In a significant case for investors in, and developers of, cryptocurrencies and other blockchain assets, the English Court of Appeal delivered judgment in Tulip Trading v Wladimir van der Laan and Ors1. The Court overturned an earlier High Court decision (also known as the Tulip Trading v Bitcoin Association case) which held that developers do not owe fiduciary duties to end-users. The Court of Appeal held that such duties may, in fact, be owed.
Round One: High Court
What Was the Claim For?
The plaintiff company, Tulip Trading Limited ("TTL"), alleged that it suffered significant losses following a hack carried out against TTL's owner, which resulted in TTL becoming unable to access $4.5bn in cryptocurrency. TTL issued proceedings against the defendant developers alleging a breach of fiduciary duties and tortious duties on the part of the developers. TTL also sought an order compelling the developers to change the codebase for the cryptocurrencies in question, to negate the alleged fraudulent transaction and return the $4.5bn to TTL's wallet (please click here for previous Matheson coverage of the High Court action).
What Did the Court Decide?
The High Court held that the developers owed no such duties to end users. It held that the relationship between cryptocurrency developers and end-users did not give rise to fiduciary duties, and that there no duty of care owed by the developers to TTL. The Court noted that such duty of care would effectively be unworkable, given there were a potentially unlimited number of end-users to whom the developers may owe such duty. The High Court concluded that there was no serious issue to be heard, on the facts of the matter, and dismissed TTL's claim.
Was That the End of it?
No, TTL appealed the decision.
Round Two: Court of Appeal
The Court of Appeal considered whether there was a real prospect of TTL succeeding in their claim, should it be allowed to move to a full hearing.
TTL submitted that the developers exercised direct control over, or significant influence over, the codebase of the cryptocurrencies in question. TTL argued that the developers determined what software and parameters are required to mine and carry out transactions using the cryptocurrency in question, and therefore had the capacity to effectively 'reverse' transactions by forking the codebase.

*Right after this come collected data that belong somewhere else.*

(* Let $D:\mathbb{R}^{n+1}\to\mathbb{R}^n$ be the difference map $D(b)=(b_2-b_1,b_3-b_2,\dots,b_{n+1}-b_n)^t$ and $D^\star:\mathbb{R}^n\to\mathbb{R}^{n+1}$ its transpose, $D^\star(a)=(-a_1,a_1-a_2,\dots,a_{n-1}-a_n,a_n)^t$. On $\mathbb{R}^n$ with the standard inner product define $\|a\|_X=\|D^\star a\|_1$ and $\|a\|_Y=\min\{\|b\|_\infty: b\in\mathbb{R}^{n+1},\ Db=a\}$. Then $\|\cdot\|_X$ and $\|\cdot\|_Y$ are norms dual to each other, and they are tight: every vector $c\in\mathbb{R}^n$ is tight.
   Context: For a norm $\|\cdot\|_X$ with dual norm $\|\cdot\|_Y$ on a euclidean space with $\|v\|_2=\sqrt{\langle v,v\rangle}$, and norms $\|\cdot\|_P,\|\cdot\|_Q$ among $X,Y,2$, a decomposition $c=a+b$ is a $PQ$-decomposition if for every decomposition $c=a'+b'$: $\|a'\|_P>\|a\|_P$, or $\|b'\|_Q>\|b\|_Q$, or $(\|a'\|_P,\|b'\|_Q)=(\|a\|_P,\|b\|_Q)$. A vector $c$ is tight if every $X2$-decomposition of $c$ is an $XY$-decomposition. *)

theory Defs
  imports Complex_Main
begin

text \<open>Vectors of R^n are modelled as functions nat => real vanishing at indices >= n
  (0-based: a 0, ..., a (n-1)); vectors of R^(n+1) vanish at indices > n.\<close>

definition V :: "nat \<Rightarrow> (nat \<Rightarrow> real) set" where
  "V n = {a. \<forall>i\<ge>n. a i = 0}"

definition W :: "nat \<Rightarrow> (nat \<Rightarrow> real) set" where
  "W n = {b. \<forall>i>n. b i = 0}"

definition vadd :: "(nat \<Rightarrow> real) \<Rightarrow> (nat \<Rightarrow> real) \<Rightarrow> nat \<Rightarrow> real" where
  "vadd a b = (\<lambda>i. a i + b i)"

definition vscale :: "real \<Rightarrow> (nat \<Rightarrow> real) \<Rightarrow> nat \<Rightarrow> real" where
  "vscale r a = (\<lambda>i. r * a i)"

definition ip :: "nat \<Rightarrow> (nat \<Rightarrow> real) \<Rightarrow> (nat \<Rightarrow> real) \<Rightarrow> real" where
  "ip n a b = (\<Sum>i<n. a i * b i)"

definition norm2 :: "nat \<Rightarrow> (nat \<Rightarrow> real) \<Rightarrow> real" where
  "norm2 n a = sqrt (ip n a a)"

definition Dm :: "nat \<Rightarrow> (nat \<Rightarrow> real) \<Rightarrow> nat \<Rightarrow> real" where
  "Dm n b = (\<lambda>i. if i < n then b (Suc i) - b i else 0)"

definition Dstar :: "nat \<Rightarrow> (nat \<Rightarrow> real) \<Rightarrow> nat \<Rightarrow> real" where
  "Dstar n a = (\<lambda>j. if j \<le> n then (if j = 0 then 0 else a (j - 1)) - (if j < n then a j else 0) else 0)"

definition norm1W :: "nat \<Rightarrow> (nat \<Rightarrow> real) \<Rightarrow> real" where
  "norm1W n b = (\<Sum>j\<le>n. \<bar>b j\<bar>)"

definition supnormW :: "nat \<Rightarrow> (nat \<Rightarrow> real) \<Rightarrow> real" where
  "supnormW n b = Max ((\<lambda>j. \<bar>b j\<bar>) ` {..n})"

definition normX :: "nat \<Rightarrow> (nat \<Rightarrow> real) \<Rightarrow> real" where
  "normX n a = norm1W n (Dstar n a)"

definition normY :: "nat \<Rightarrow> (nat \<Rightarrow> real) \<Rightarrow> real" where
  "normY n a = Inf (supnormW n ` {b \<in> W n. Dm n b = a})"

definition is_norm_on :: "(nat \<Rightarrow> real) set \<Rightarrow> ((nat \<Rightarrow> real) \<Rightarrow> real) \<Rightarrow> bool" where
  "is_norm_on S N \<longleftrightarrow>
     (\<forall>a\<in>S. N a \<ge> 0 \<and> (N a = 0 \<longleftrightarrow> a = (\<lambda>_. 0))) \<and>
     (\<forall>a\<in>S. \<forall>r. N (vscale r a) = \<bar>r\<bar> * N a) \<and>
     (\<forall>a\<in>S. \<forall>b\<in>S. N (vadd a b) \<le> N a + N b)"

definition is_decomp :: "(nat \<Rightarrow> real) set \<Rightarrow> ((nat \<Rightarrow> real) \<Rightarrow> real) \<Rightarrow> ((nat \<Rightarrow> real) \<Rightarrow> real)
   \<Rightarrow> (nat \<Rightarrow> real) \<Rightarrow> (nat \<Rightarrow> real) \<Rightarrow> (nat \<Rightarrow> real) \<Rightarrow> bool" where
  "is_decomp S P Q c a b \<longleftrightarrow> a \<in> S \<and> b \<in> S \<and> c = vadd a b \<and>
     (\<forall>a'\<in>S. \<forall>b'\<in>S. c = vadd a' b' \<longrightarrow>
        P a' > P a \<or> Q b' > Q b \<or> (P a' = P a \<and> Q b' = Q b))"

definition tight :: "(nat \<Rightarrow> real) set \<Rightarrow> ((nat \<Rightarrow> real) \<Rightarrow> real) \<Rightarrow> ((nat \<Rightarrow> real) \<Rightarrow> real)
   \<Rightarrow> ((nat \<Rightarrow> real) \<Rightarrow> real) \<Rightarrow> (nat \<Rightarrow> real) \<Rightarrow> bool" where
  "tight S NX NY N2 c \<longleftrightarrow> (\<forall>a b. is_decomp S NX N2 c a b \<longrightarrow> is_decomp S NX NY c a b)"

end

theory Submission
  imports Defs
begin

text \<open>
  The two norms are dual because \<open>D\<^sup>\<star>\<close> is the transpose of \<open>D\<close>; both the infimum defining
  \<open>\<parallel>a\<parallel>\<^sub>Y\<close> and the supremum of \<open>\<langle>a, x\<rangle>\<close> over the \<open>X\<close>-unit ball are attained by explicit
  vectors built from the partial sums of \<open>a\<close>.

  For tightness, first-order optimality of an \<open>X2\<close>-decomposition \<open>c = a + b\<close> gives
  \<open>\<parallel>a\<parallel>\<^sub>X \<parallel>b\<parallel>\<^sub>Y \<le> \<langle>a, b\<rangle>\<close>, so an optimal preimage \<open>w\<close> of \<open>b\<close> equals \<open>\<parallel>b\<parallel>\<^sub>Y sgn (D\<^sup>\<star> a)\<close>
  on the support of \<open>D\<^sup>\<star> a\<close>. Interpolating these signs by a sequence \<open>v\<close> with \<open>|v| \<le> 1\<close>
  that bends only on that support, downwards at \<open>+1\<close> and upwards at \<open>-1\<close>, gives \<open>u = D v\<close>
  with \<open>\<parallel>u\<parallel>\<^sub>Y \<le> 1\<close>, \<open>\<langle>u, a\<rangle> = \<parallel>a\<parallel>\<^sub>X\<close> and \<open>\<langle>u, b\<rangle> = \<parallel>b\<parallel>\<^sub>Y \<parallel>u\<parallel>\<^sub>X\<close>. Pairing any other
  decomposition \<open>c = a' + b'\<close> with \<open>u\<close> shows that it cannot improve both norms.
\<close>

section \<open>The difference map and its transpose\<close>

lemma V_vadd: "a \<in> V n \<Longrightarrow> b \<in> V n \<Longrightarrow> vadd a b \<in> V n"
  unfolding V_def vadd_def by auto

lemma V_vscale: "a \<in> V n \<Longrightarrow> vscale r a \<in> V n"
  unfolding V_def vscale_def by auto

lemma W_vadd: "a \<in> W n \<Longrightarrow> b \<in> W n \<Longrightarrow> vadd a b \<in> W n"
  unfolding W_def vadd_def by auto

lemma W_vscale: "a \<in> W n \<Longrightarrow> vscale r a \<in> W n"
  unfolding W_def vscale_def by auto

lemma abs_le_supnormW: "j \<le> n \<Longrightarrow> \<bar>b j\<bar> \<le> supnormW n b"
  unfolding supnormW_def by (rule Max_ge) auto

lemma supnormW_le: "(\<And>j. j \<le> n \<Longrightarrow> \<bar>b j\<bar> \<le> M) \<Longrightarrow> supnormW n b \<le> M"
  unfolding supnormW_def by (subst Max_le_iff) auto

lemma supnormW_nonneg: "0 \<le> supnormW n b"
  using abs_le_supnormW[of 0 n b] by simp

lemma supnormW_vadd: "supnormW n (vadd a b) \<le> supnormW n a + supnormW n b"
proof (rule supnormW_le)
  fix j assume "j \<le> n"
  then have "\<bar>a j\<bar> \<le> supnormW n a" "\<bar>b j\<bar> \<le> supnormW n b" by (auto intro: abs_le_supnormW)
  then show "\<bar>vadd a b j\<bar> \<le> supnormW n a + supnormW n b" unfolding vadd_def by linarith
qed

lemma supnormW_vscale: "supnormW n (vscale r b) \<le> \<bar>r\<bar> * supnormW n b"
  by (rule supnormW_le) (auto simp: vscale_def abs_mult intro: mult_left_mono abs_le_supnormW)

lemma Dm_in_V: "Dm n v \<in> V n"
  unfolding Dm_def V_def by auto

lemma Dm_vadd: "Dm n (vadd a b) = vadd (Dm n a) (Dm n b)"
  unfolding Dm_def vadd_def by auto

lemma Dm_vscale: "Dm n (vscale r a) = vscale r (Dm n a)"
  unfolding Dm_def vscale_def by (auto simp: algebra_simps)

lemma Dstar_vadd: "Dstar n (vadd a b) j = Dstar n a j + Dstar n b j"
  unfolding Dstar_def vadd_def by auto

lemma Dstar_vscale: "Dstar n (vscale r a) j = r * Dstar n a j"
  unfolding Dstar_def vscale_def by (auto simp: algebra_simps)

lemma Dstar_Dm: "Dstar n (Dm n v) j = (if j \<le> n then
   (if j = 0 then 0 else v j - v (j - 1)) - (if j < n then v (Suc j) - v j else 0) else 0)"
  unfolding Dstar_def Dm_def by auto

lemma Dm_eq_0_imp_const:
  assumes "Dm n v = (\<lambda>_. 0)" and "j \<le> n"
  shows "v j = v 0"
  using assms(2)
proof (induction j)
  case (Suc j)
  have "Dm n v j = 0" using assms(1) by simp
  with Suc show ?case unfolding Dm_def by auto
qed simp

lemma Dstar_eq_0_imp_zero:
  assumes "a \<in> V n" and "\<And>j. j \<le> n \<Longrightarrow> Dstar n a j = 0"
  shows "a = (\<lambda>_. 0)"
proof -
  have "j < n \<longrightarrow> a j = 0" for j
  proof (induction j)
    case 0 then show ?case using assms(2)[of 0] unfolding Dstar_def by auto
  next
    case (Suc j) then show ?case using assms(2)[of "Suc j"] unfolding Dstar_def by auto
  qed
  then show ?thesis using assms(1) unfolding V_def by (intro ext) (simp add: not_less; metis le_less_linear)
qed

lemma ip_Dm: "ip n (Dm n w) z = (\<Sum>j\<le>n. w j * Dstar n z j)"
proof -
  have "(\<Sum>j\<le>n. w j * Dstar n z j) = (\<Sum>j\<le>n. w j * (if j = 0 then 0 else z (j - 1)))
     - (\<Sum>j\<le>n. w j * (if j < n then z j else 0))"
    unfolding Dstar_def by (simp add: right_diff_distrib sum_subtractf)
  also have "(\<Sum>j\<le>n. w j * (if j = 0 then 0 else z (j - 1))) = (\<Sum>i<n. w (Suc i) * z i)"
    by (cases n) (simp_all only: sum.atMost_Suc_shift lessThan_Suc_atMost, simp_all)
  also have "(\<Sum>j\<le>n. w j * (if j < n then z j else 0)) = (\<Sum>i<n. w i * z i)"
    by (simp add: lessThan_Suc_atMost[symmetric])
  finally show ?thesis unfolding ip_def Dm_def by (simp add: left_diff_distrib sum_subtractf)
qed

lemma ip_Dm_le: "ip n (Dm n w) z \<le> supnormW n w * normX n z"
proof -
  have "ip n (Dm n w) z = (\<Sum>j\<le>n. w j * Dstar n z j)" by (rule ip_Dm)
  also have "\<dots> \<le> (\<Sum>j\<le>n. supnormW n w * \<bar>Dstar n z j\<bar>)"
  proof (rule sum_mono)
    fix j assume "j \<in> {..n}"
    then have "\<bar>w j\<bar> * \<bar>Dstar n z j\<bar> \<le> supnormW n w * \<bar>Dstar n z j\<bar>"
      by (simp add: abs_le_supnormW mult_right_mono)
    then show "w j * Dstar n z j \<le> supnormW n w * \<bar>Dstar n z j\<bar>"
      by (metis abs_ge_self abs_mult order_trans)
  qed
  also have "\<dots> = supnormW n w * normX n z"
    unfolding normX_def norm1W_def by (simp add: sum_distrib_left)
  finally show ?thesis .
qed

lemma ip_Dm_eq_imp_aligned:
  assumes "supnormW n w * normX n z \<le> ip n (Dm n w) z" and "j \<le> n"
  shows "w j * Dstar n z j = supnormW n w * \<bar>Dstar n z j\<bar>"
proof -
  define f where "f j = supnormW n w * \<bar>Dstar n z j\<bar> - w j * Dstar n z j" for j
  have f_nonneg: "\<forall>j\<in>{..n}. 0 \<le> f j"
  proof
    fix j assume "j \<in> {..n}"
    then have "\<bar>w j\<bar> * \<bar>Dstar n z j\<bar> \<le> supnormW n w * \<bar>Dstar n z j\<bar>"
      by (simp add: abs_le_supnormW mult_right_mono)
    then show "0 \<le> f j" unfolding f_def by (metis abs_ge_self abs_mult diff_ge_0_iff_ge order_trans)
  qed
  have "(\<Sum>j\<le>n. f j) = supnormW n w * normX n z - ip n (Dm n w) z"
    unfolding f_def normX_def norm1W_def ip_Dm by (simp add: sum_subtractf sum_distrib_left)
  with assms(1) f_nonneg have "(\<Sum>j\<le>n. f j) = 0"
    by (metis antisym diff_le_0_iff_le sum_nonneg)
  then show ?thesis using f_nonneg assms(2) sum_nonneg_eq_0_iff[of "{..n}" f] by (simp add: f_def)
qed

lemma sum_Dstar_eq_0: "(\<Sum>j\<le>n. Dstar n a j) = 0"
  using ip_Dm[of n "\<lambda>_. 1" a] unfolding ip_def Dm_def by simp

section \<open>The norms and their duality\<close>

lemma normX_nonneg: "0 \<le> normX n a"
  unfolding normX_def norm1W_def by (simp add: sum_nonneg)

lemma normX_vscale: "normX n (vscale r a) = \<bar>r\<bar> * normX n a"
  unfolding normX_def norm1W_def by (simp add: Dstar_vscale abs_mult sum_distrib_left)

lemma normX_vadd: "normX n (vadd a b) \<le> normX n a + normX n b"
  unfolding normX_def norm1W_def Dstar_vadd
  by (simp add: sum.distrib[symmetric] sum_mono abs_triangle_ineq)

The defendants disputed this, arguing that development of the cryptocurrencies in question was carried out by way of a decentralised model, and that they were only members of a wider group of developers who maintained and developed the cryptocurrencies.
The developers argued that any order to restore the funds to TTL would be ineffective, given end-users could simply choose not to adopt the proposed fork to the cryptocurrencies, which would restore TTL's funds, and could instead choose to carry on operating on the current blockchain.
What Did the Court of Appeal Decide?
The Court noted that, for TTL's argument to ultimately succeed at full trial, it would require TTL to show 'a significant development of the common law on fiduciary duties.' Nevertheless, Birss LJ determined that TTL had set out an arguable case that such duties might vest in cryptocurrency developers.
The Court observed that the role of a cryptocurrency developer involves taking on a significant amount of control and decision-making power over those assets. Such control is exhibited, for example, by their acting on behalf of cryptocurrency owners to develop and maintain the respective cryptocurrency codebase. The Court noted that the role of developer is single minded in nature, in the sense that it puts the interests of all the owners as a class ahead of the developer's self-interest.
The Court also held there is arguably an "entrustment" of property to the care of the developers. He refused to rule out the possibility that developers are fiduciaries with a duty of care to cryptocurrency owners.
Birss LJ, departing from the decision of the High Court, held that there was an arguable case that bitcoin owners had a legitimate expectation that the developers would not exercise their authority in their own self-interest and would act in good faith to use their skills to make certain decisions impacting end-user's crypto assets.
The Court concluded that TTL had made an arguable case that developers owe a fiduciary duty to their end users, which could extend to a duty to modify code or to fork a cryptocurrency in order to restore access to stolen cryptocurrency. The Court permitted the matter to proceed to trial.
Impact of Decision
It remains to be seen whether TTL's arguments would succeed at full trial. However, the decision is indicative of a potential shift towards recognising fiduciary or common law duties of care vesting in developers, including open-source developers. It remains to be seen whether TTL will succeed at full trial.
All or Core Developers Impacted?
Whilst the cryptocurrencies at issue are maintained by a core team of developers, and had relatively formalised structures and processes for amending or updating the codebase of their respective cryptocurrencies, the question remains as to whether all cryptocurrency developers owe such a duty to end users. A further question arises as to how such duties are allocated should a cryptocurrency be forked (effectively creating two parallel blockchains) – the Court refused to address this issue, and indicated that it should be left for a full hearing of the matter.